Of course, in this life, we can never reach completely those high ideals set before us. And certainly not on our own. We must always depend on God, who will lift us up and strengthen us. Ask, as Lucy and the others did, for Aslan to breathe on you. As sinners, we will always stumble and fall, take a misstep, make a mistake. The key is not to stay there forever. Make an effort to get up, to start over, to ask God to help you and to heal you. As hard as it sometimes can be, sometimes we need to just lay there and in our hearts ask God to come to us and lift us up, set us back on our feet. I am saying these things to myself as much as to anyone who may read this. I need reminding, too.

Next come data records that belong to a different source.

(* Let $N,n,T_h\in\mathbb{Z}_{>0}$, $\varepsilon>0$, for each $i\in\{1,\dots,N\}$ let $A_i,B_i\in\mathbb{R}^{n\times n}$ with $B_i$ invertible, and let $x_1^{\mathsf d},\dots,x_N^{\mathsf d}\in\mathbb{R}^n$. Consider the discrete-time system on $(x,\beta)\in\mathbb{R}^{nN}\times\mathbb{R}_{>0}^N$, \[ x(k+1)=f_1(x(k),\beta(k)),\qquad \beta(k+1)=f_2(x(k),\beta(k)), \] where, writing $x=[x_1;\dots;x_N]$, \[ \tilde P(x,\beta):=\big(\tfrac1N1_N\oslash[K(x)\beta]\big)^{\mathrm{diag}}K(x)\,\beta^{\mathrm{diag}}, \] $f_1(x,\beta)$ is the vector whose $i$-th block ($i=1,\dots,N$) is $\bar A_ix_i+(I_n-\bar A_i)\,N\sum_{j=1}^N\tilde P_{ij}(x,\beta)\,x_j^{\mathsf d}$, and \[ f_2(x,\beta):=\tfrac1N1_N\oslash\Big[K(f_1(x,\beta))^\top\big(\tfrac1N1_N\oslash[K(x)\beta]\big)\Big]. \] Then this system has at least one equilibrium point $(x^{\mathsf e},\beta^{\mathsf e})\in\mathbb{R}^{nN}\times(\mathbb{R}_{>0}^N/{\sim})$, i.e. a pair with $f_1(x^{\mathsf e},\beta^{\mathsf e})=x^{\mathsf e}$ and $f_2(x^{\mathsf e},\beta^{\mathsf e})\sim\beta^{\mathsf e}$.
   Context: Notation: $v^{\mathrm{diag}}$ is the diagonal matrix with diagonal $v$; $\oslash$ is elementwise division of positive vectors; $1_N$ is the all-ones vector; for positive semidefinite $M$, $\|x\|_M=(x^\top Mx)^{1/2}$; for $\beta,\beta'\in\mathbb{R}_{>0}^N$, $\beta\sim\beta'$ iff $\beta=r\beta'$ for some $r>0$, and $\mathbb{R}_{>0}^N/{\sim}$ is the corresponding quotient (the map $f_1$ is invariant and $f_2$ is positively homogeneous in $\beta$, so the system is well defined on the quotient). Definitions: $G_{i,T_h}:=\sum_{k=0}^{T_h-1}A_i^kB_iB_i^\top(A_i^\top)^k$, $\mathcal{G}_i:=(A_i^{T_h})^\top G_{i,T_h}^{-1}A_i^{T_h}$, $\bar A_i:=A_i-B_iB_i^\top(A_i^\top)^{T_h-1}G_{i,T_h}^{-1}A_i^{T_h}$, and $K(x)\in\mathbb{R}_{>0}^{N\times N}$ has entries $K_{ij}(x)=\exp\!\big(-\|x_i-x_j^{\mathsf d}\|_{\mathcal{G}_i}^2/\varepsilon\big)$. This system is the closed loop of Sinkhorn MPC with energy cost and the barycentric target $x_{\rm tmp}^{\mathsf d,i}(P)=N\sum_jP_{ij}x_j^{\mathsf d}$. *)

theory Defs
  imports "HOL-Analysis.Analysis"
begin

(* Agents are indexed by a finite type 'N (N = CARD('N)), states live in real^'n
   (n = CARD('n)); matrices are real^'n^'n. *)

definition mpow :: "real^'n^'n \<Rightarrow> nat \<Rightarrow> real^'n^'n" where
  "mpow M k = (((**) M) ^^ k) (mat 1)"

definition gram :: "real^'n^'n \<Rightarrow> real^'n^'n \<Rightarrow> nat \<Rightarrow> real^'n^'n" where
  "gram A B Th = (\<Sum>k<Th. mpow A k ** B ** transpose B ** transpose (mpow A k))"

definition calG :: "real^'n^'n \<Rightarrow> real^'n^'n \<Rightarrow> nat \<Rightarrow> real^'n^'n" where
  "calG A B Th = transpose (mpow A Th) ** matrix_inv (gram A B Th) ** mpow A Th"

definition Abar :: "real^'n^'n \<Rightarrow> real^'n^'n \<Rightarrow> nat \<Rightarrow> real^'n^'n" where
  "Abar A B Th = A - B ** transpose B ** transpose (mpow A (Th - 1))
                   ** matrix_inv (gram A B Th) ** mpow A Th"

definition wnorm :: "real^'n^'n \<Rightarrow> real^'n \<Rightarrow> real" where
  "wnorm M x = sqrt (x \<bullet> (M *v x))"

definition Kmat :: "('N \<Rightarrow> real^'n^'n) \<Rightarrow> ('N \<Rightarrow> real^'n^'n) \<Rightarrow> nat \<Rightarrow> real
     \<Rightarrow> ('N \<Rightarrow> real^'n) \<Rightarrow> ('N \<Rightarrow> real^'n) \<Rightarrow> 'N \<Rightarrow> 'N \<Rightarrow> real" where
  "Kmat A B Th eps xd x i j =
     exp (- (wnorm (calG (A i) (B i) Th) (x i - xd j))\<^sup>2 / eps)"

definition Ptilde :: "('N::finite \<Rightarrow> real^'n^'n) \<Rightarrow> ('N \<Rightarrow> real^'n^'n) \<Rightarrow> nat \<Rightarrow> real
     \<Rightarrow> ('N \<Rightarrow> real^'n) \<Rightarrow> ('N \<Rightarrow> real^'n) \<Rightarrow> ('N \<Rightarrow> real) \<Rightarrow> 'N \<Rightarrow> 'N \<Rightarrow> real" where
  "Ptilde A B Th eps xd x \<beta> i j =
     ((1 / real CARD('N)) / (\<Sum>l\<in>UNIV. Kmat A B Th eps xd x i l * \<beta> l))
       * Kmat A B Th eps xd x i j * \<beta> j"

definition f1 :: "('N::finite \<Rightarrow> real^'n^'n) \<Rightarrow> ('N \<Rightarrow> real^'n^'n) \<Rightarrow> nat \<Rightarrow> real
     \<Rightarrow> ('N \<Rightarrow> real^'n) \<Rightarrow> ('N \<Rightarrow> real^'n) \<Rightarrow> ('N \<Rightarrow> real) \<Rightarrow> 'N \<Rightarrow> real^'n" where
  "f1 A B Th eps xd x \<beta> i =
     Abar (A i) (B i) Th *v x i
     + (mat 1 - Abar (A i) (B i) Th) *v
         (real CARD('N) *\<^sub>R (\<Sum>j\<in>UNIV. Ptilde A B Th eps xd x \<beta> i j *\<^sub>R xd j))"

definition f2 :: "('N::finite \<Rightarrow> real^'n^'n) \<Rightarrow> ('N \<Rightarrow> real^'n^'n) \<Rightarrow> nat \<Rightarrow> real
     \<Rightarrow> ('N \<Rightarrow> real^'n) \<Rightarrow> ('N \<Rightarrow> real^'n) \<Rightarrow> ('N \<Rightarrow> real) \<Rightarrow> 'N \<Rightarrow> real" where
  "f2 A B Th eps xd x \<beta> j =
     (1 / real CARD('N)) /
       (\<Sum>i\<in>UNIV. Kmat A B Th eps xd (f1 A B Th eps xd x \<beta>) i j
          * ((1 / real CARD('N)) / (\<Sum>l\<in>UNIV. Kmat A B Th eps xd x i l * \<beta> l)))"

end

theory Submission
  imports Defs
begin

(* Brouwer's fixed point theorem on (ball of radius N \<Sum>j |xd j|) \<times> (probability simplex), applied to
   (x, \<beta>) \<mapsto> (barycentric targets of x, f2 x \<beta> rescaled to unit mass).  The rows of \<tilde>P sum to
   1/N, so the targets are convex combinations of the xd j and stay in the ball, and f2 is positive
   and continuous.  At a fixed point x equals its targets, which makes it a fixed point of f1
   whatever Abar is, and f2 x \<beta> is a positive multiple of \<beta>. *)

definition prob_simplex :: "(real^'m) set" where
  "prob_simplex = {b. (\<forall>j. 0 \<le> b $ j) \<and> (\<Sum>j\<in>UNIV. b $ j) = 1}"

lemma prob_simplex_nonempty: "prob_simplex \<noteq> {}"
proof -
  have "(\<chi> j. 1 / real CARD('m)) \<in> (prob_simplex :: (real^'m) set)"
    by (simp add: prob_simplex_def)
  then show ?thesis by blast
qed

lemma convex_prob_simplex: "convex prob_simplex"
  unfolding convex_def prob_simplex_def
  by (auto simp: sum.distrib simp flip: sum_distrib_left)

lemma compact_prob_simplex: "compact prob_simplex"
proof -
  have "closed prob_simplex"
    unfolding prob_simplex_def
    by (intro closed_Collect_conj closed_Collect_all closed_Collect_le closed_Collect_eq
        continuous_intros)
  moreover have "norm b \<le> 1" if "b \<in> prob_simplex" for b :: "real^'m"
    using norm_le_l1_cart[of b] that by (simp add: prob_simplex_def)
  then have "bounded prob_simplex"
    by (auto simp: bounded_iff)
  ultimately show ?thesis
    using compact_eq_bounded_closed by blast
qed

lemma prob_simplexD:
  assumes "b \<in> prob_simplex"
  shows "\<forall>j. 0 \<le> b $ j" and "\<exists>j. 0 < b $ j"
proof -
  show "\<forall>j. 0 \<le> b $ j"
    using assms by (simp add: prob_simplex_def)
  show "\<exists>j. 0 < b $ j"
  proof (rule ccontr)
    assume "\<not> (\<exists>j. 0 < b $ j)"
    then have "(\<Sum>j\<in>UNIV. b $ j) \<le> 0" by (simp add: sum_nonpos not_less)
    with assms show False by (simp add: prob_simplex_def)
  qed
qed

lemma scaleR_inverse_sum_in_prob_simplex:
  fixes v :: "real^'m"
  assumes "\<forall>j. 0 < v $ j"
  shows "v /\<^sub>R (\<Sum>j\<in>UNIV. v $ j) \<in> prob_simplex"
proof -
  have "0 < (\<Sum>j\<in>UNIV. v $ j)"
    using assms by (simp add: sum_pos)
  then show ?thesis
    using assms by (auto simp: prob_simplex_def less_imp_le simp flip: sum_distrib_left)
qed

As Christians, our Ideal is Christ. We look to Mary and the saints as models of how to follow Christ, and as friends who will pray for and help us along our way. Some of us will get very, very close to reaching those ideals. Mother Teresa comes to mind, as do others. Often these people are declared saints, holy ones. Often times not, as they just are not known. I am reminded of the words of a character in Harry Potter: "Constant Vigilance!" Don't give up.

Here I will offer just a few of Dr. King's many wonderful quotes. He said and wrote so much; the man had a gift for words and for speaking. May his words always inflame us to continue his legacy, to carry his banner high, to put his words into action, as he did, even unto death.

"Hatred paralyzes life; love releases it. Hatred confuses life; love harmonizes it. Hatred darkens life; love illuminates it."

"Faith is taking the first step, even when you don't see the whole staircase."

"Darkness cannot drive out darkness; only light can do that. Hate cannot drive out hate; only love can do that."

"I submit to you that if a man hasn't discovered something he will die for, he isn't fit to live."

"Our scientific power has outrun our spiritual power. We have guided missiles and misguided men."

"I believe that unarmed truth and unconditional love will have the final word in reality. That is why right, temporarily defeated, is stronger than evil triumphant."

God bless you, Dr. King. Thank you for all you did. I know you continue your great work in Heaven.

1 comment:

  1. Oh, my dear, I can't tell you how much I love this post! What a flawed, but great man he was - and how much we have to learn from him!